* **Required action**:
The output is the lines below from the one with "ts = fa_of_terms" through the one with "by (subst fa_of_terms_Cons)", both included, printed exactly and with no other line.

· · · · ·

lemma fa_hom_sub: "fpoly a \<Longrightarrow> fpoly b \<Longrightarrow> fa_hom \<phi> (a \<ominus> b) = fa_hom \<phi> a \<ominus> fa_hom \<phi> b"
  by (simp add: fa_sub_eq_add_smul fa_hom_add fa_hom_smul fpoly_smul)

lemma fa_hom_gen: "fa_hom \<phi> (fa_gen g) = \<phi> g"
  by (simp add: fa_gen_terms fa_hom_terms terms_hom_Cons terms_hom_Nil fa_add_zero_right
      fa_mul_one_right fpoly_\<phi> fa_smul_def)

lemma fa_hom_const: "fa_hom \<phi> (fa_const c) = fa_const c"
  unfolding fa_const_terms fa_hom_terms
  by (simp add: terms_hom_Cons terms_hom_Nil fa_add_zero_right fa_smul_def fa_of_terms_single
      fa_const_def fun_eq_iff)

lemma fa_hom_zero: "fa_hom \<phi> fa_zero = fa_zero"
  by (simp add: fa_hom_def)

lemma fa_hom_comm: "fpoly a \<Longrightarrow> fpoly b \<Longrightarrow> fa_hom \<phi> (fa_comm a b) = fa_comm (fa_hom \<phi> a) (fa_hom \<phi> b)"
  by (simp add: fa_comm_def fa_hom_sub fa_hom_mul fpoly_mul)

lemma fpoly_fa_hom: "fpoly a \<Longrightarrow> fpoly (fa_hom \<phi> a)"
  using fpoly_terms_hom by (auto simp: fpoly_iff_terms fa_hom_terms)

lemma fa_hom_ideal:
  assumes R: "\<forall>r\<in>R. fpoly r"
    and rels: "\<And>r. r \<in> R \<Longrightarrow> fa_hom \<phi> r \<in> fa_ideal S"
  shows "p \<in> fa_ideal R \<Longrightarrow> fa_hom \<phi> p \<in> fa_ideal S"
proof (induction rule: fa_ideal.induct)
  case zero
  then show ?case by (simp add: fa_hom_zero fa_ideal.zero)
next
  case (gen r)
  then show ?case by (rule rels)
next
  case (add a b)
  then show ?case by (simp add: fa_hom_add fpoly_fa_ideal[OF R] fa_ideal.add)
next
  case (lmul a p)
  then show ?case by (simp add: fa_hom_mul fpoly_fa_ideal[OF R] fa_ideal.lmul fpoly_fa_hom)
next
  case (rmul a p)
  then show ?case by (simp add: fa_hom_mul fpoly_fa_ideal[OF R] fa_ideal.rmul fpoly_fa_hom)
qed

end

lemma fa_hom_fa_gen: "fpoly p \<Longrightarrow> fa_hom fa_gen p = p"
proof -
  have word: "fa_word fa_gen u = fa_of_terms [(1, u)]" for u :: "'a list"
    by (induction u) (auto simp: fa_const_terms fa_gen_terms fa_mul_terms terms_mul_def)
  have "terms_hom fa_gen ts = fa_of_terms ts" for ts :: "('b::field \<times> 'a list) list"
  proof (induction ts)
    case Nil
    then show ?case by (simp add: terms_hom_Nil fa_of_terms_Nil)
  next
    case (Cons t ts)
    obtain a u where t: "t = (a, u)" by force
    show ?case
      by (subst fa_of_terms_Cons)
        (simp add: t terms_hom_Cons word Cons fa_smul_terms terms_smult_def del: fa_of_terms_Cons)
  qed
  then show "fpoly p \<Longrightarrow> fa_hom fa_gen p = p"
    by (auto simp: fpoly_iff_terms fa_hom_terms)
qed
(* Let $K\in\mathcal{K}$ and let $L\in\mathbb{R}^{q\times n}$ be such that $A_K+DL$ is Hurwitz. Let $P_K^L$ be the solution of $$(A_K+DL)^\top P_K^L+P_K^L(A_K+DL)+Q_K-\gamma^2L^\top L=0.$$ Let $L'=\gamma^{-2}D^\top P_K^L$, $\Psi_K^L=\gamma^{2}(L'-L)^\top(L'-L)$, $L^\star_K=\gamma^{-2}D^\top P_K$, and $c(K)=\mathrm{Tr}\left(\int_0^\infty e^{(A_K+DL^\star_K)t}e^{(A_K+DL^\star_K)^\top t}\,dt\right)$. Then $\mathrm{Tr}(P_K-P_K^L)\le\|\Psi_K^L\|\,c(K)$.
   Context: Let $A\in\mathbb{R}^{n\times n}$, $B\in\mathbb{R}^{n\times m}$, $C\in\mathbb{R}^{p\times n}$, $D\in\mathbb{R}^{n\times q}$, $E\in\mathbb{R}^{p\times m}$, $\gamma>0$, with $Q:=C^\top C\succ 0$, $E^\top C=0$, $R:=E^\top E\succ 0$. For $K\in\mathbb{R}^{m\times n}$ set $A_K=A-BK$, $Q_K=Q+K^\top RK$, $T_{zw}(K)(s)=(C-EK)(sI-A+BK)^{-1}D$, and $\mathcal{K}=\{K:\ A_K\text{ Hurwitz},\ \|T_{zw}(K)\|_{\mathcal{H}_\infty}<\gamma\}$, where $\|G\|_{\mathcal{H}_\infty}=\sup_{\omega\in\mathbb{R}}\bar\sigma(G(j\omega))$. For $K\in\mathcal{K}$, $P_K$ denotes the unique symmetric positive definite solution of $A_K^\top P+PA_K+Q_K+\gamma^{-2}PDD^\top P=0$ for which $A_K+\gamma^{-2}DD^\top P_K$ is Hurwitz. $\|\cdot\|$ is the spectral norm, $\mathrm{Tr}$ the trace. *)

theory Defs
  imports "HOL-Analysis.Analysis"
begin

· · · · ·

* **Task response**:
  have "terms_hom fa_gen ts = fa_of_terms ts" for ts :: "('b::field \<times> 'a list) list"
  proof (induction ts)
    case Nil
    then show ?case by (simp add: terms_hom_Nil fa_of_terms_Nil)
  next
    case (Cons t ts)
    obtain a u where t: "t = (a, u)" by force
    show ?case
      by (subst fa_of_terms_Cons)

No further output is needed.